What you need to do:
A verbatim reproduction of the lines below, from the line containing "mat \<Rightarrow> nat" through the line containing "(THE B. inverts_mat", both ends included, is the whole required output.

START Records shown

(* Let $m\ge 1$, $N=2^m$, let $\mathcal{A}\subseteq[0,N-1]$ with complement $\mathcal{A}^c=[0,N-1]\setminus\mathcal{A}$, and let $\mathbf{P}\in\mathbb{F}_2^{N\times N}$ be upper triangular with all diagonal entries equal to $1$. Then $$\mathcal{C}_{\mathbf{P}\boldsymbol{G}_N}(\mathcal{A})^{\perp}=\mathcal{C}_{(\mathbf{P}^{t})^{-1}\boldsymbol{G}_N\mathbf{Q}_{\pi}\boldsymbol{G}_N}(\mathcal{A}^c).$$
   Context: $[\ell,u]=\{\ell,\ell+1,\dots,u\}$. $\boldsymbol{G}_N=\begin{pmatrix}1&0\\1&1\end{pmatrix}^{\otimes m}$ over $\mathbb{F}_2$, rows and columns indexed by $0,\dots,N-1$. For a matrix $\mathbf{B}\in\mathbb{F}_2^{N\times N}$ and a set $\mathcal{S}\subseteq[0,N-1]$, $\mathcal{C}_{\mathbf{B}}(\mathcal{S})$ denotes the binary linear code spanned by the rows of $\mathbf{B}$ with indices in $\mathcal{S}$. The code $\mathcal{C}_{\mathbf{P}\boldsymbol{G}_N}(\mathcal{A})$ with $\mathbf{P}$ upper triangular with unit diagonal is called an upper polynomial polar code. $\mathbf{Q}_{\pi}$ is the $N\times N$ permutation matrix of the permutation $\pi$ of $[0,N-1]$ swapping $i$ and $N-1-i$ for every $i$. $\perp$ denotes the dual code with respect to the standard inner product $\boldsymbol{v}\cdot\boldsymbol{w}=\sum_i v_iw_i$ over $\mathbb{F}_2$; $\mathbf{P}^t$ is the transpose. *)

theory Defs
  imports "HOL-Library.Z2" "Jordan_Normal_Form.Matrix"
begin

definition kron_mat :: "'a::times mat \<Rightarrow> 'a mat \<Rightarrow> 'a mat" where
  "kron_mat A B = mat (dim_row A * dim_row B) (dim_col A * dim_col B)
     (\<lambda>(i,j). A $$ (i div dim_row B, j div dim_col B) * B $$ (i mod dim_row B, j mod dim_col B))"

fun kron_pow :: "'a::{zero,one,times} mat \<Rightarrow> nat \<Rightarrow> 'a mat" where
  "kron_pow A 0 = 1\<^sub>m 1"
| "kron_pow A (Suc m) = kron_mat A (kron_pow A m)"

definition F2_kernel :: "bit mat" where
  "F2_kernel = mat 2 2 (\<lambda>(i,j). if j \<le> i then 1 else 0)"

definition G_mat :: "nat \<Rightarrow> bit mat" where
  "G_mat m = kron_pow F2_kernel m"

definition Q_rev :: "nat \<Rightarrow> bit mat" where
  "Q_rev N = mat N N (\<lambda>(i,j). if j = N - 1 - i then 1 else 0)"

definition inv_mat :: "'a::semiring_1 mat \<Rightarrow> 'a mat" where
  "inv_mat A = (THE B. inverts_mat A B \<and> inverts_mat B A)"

END Records shown
START Records shown

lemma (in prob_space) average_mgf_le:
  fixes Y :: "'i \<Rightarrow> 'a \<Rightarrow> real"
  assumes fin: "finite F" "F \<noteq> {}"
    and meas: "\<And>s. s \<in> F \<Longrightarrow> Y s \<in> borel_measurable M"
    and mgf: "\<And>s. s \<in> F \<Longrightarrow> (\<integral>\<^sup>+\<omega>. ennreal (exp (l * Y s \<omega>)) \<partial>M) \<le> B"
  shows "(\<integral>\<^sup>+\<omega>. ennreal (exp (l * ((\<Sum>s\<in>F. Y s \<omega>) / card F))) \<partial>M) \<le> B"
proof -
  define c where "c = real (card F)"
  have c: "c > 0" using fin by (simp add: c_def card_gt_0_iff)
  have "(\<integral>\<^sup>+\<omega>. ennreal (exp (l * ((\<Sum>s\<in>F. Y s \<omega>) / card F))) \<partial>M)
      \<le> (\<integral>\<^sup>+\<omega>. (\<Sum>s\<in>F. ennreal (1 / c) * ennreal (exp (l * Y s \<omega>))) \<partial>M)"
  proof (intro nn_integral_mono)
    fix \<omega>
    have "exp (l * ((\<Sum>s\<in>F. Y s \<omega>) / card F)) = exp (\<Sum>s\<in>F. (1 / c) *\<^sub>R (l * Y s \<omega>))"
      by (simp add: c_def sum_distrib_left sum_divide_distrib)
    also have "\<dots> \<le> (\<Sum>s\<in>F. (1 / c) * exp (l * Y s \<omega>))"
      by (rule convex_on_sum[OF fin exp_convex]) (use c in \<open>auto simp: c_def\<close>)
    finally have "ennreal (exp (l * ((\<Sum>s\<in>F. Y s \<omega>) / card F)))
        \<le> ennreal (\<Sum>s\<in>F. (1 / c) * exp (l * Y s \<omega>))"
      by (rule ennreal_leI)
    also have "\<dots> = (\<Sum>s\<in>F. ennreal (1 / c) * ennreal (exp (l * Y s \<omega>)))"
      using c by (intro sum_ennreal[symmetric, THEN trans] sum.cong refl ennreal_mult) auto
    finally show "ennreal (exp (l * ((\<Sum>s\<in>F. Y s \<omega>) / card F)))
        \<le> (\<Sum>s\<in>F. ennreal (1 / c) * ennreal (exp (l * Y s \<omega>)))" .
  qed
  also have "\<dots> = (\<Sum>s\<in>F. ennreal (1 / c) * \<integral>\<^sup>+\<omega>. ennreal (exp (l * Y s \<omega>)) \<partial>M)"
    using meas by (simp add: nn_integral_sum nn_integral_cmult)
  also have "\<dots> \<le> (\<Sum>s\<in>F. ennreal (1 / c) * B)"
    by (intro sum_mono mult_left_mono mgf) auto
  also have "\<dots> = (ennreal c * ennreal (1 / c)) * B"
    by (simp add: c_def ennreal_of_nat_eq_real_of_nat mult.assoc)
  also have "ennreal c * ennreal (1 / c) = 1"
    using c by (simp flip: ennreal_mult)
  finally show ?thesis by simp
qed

END Records shown

Task solution:
fun kron_pow :: "'a::{zero,one,times} mat \<Rightarrow> nat \<Rightarrow> 'a mat" where
  "kron_pow A 0 = 1\<^sub>m 1"
| "kron_pow A (Suc m) = kron_mat A (kron_pow A m)"

definition F2_kernel :: "bit mat" where
  "F2_kernel = mat 2 2 (\<lambda>(i,j). if j \<le> i then 1 else 0)"

definition G_mat :: "nat \<Rightarrow> bit mat" where
  "G_mat m = kron_pow F2_kernel m"

definition Q_rev :: "nat \<Rightarrow> bit mat" where
  "Q_rev N = mat N N (\<lambda>(i,j). if j = N - 1 - i then 1 else 0)"

definition inv_mat :: "'a::semiring_1 mat \<Rightarrow> 'a mat" where
  "inv_mat A = (THE B. inverts_mat A B \<and> inverts_mat B A)"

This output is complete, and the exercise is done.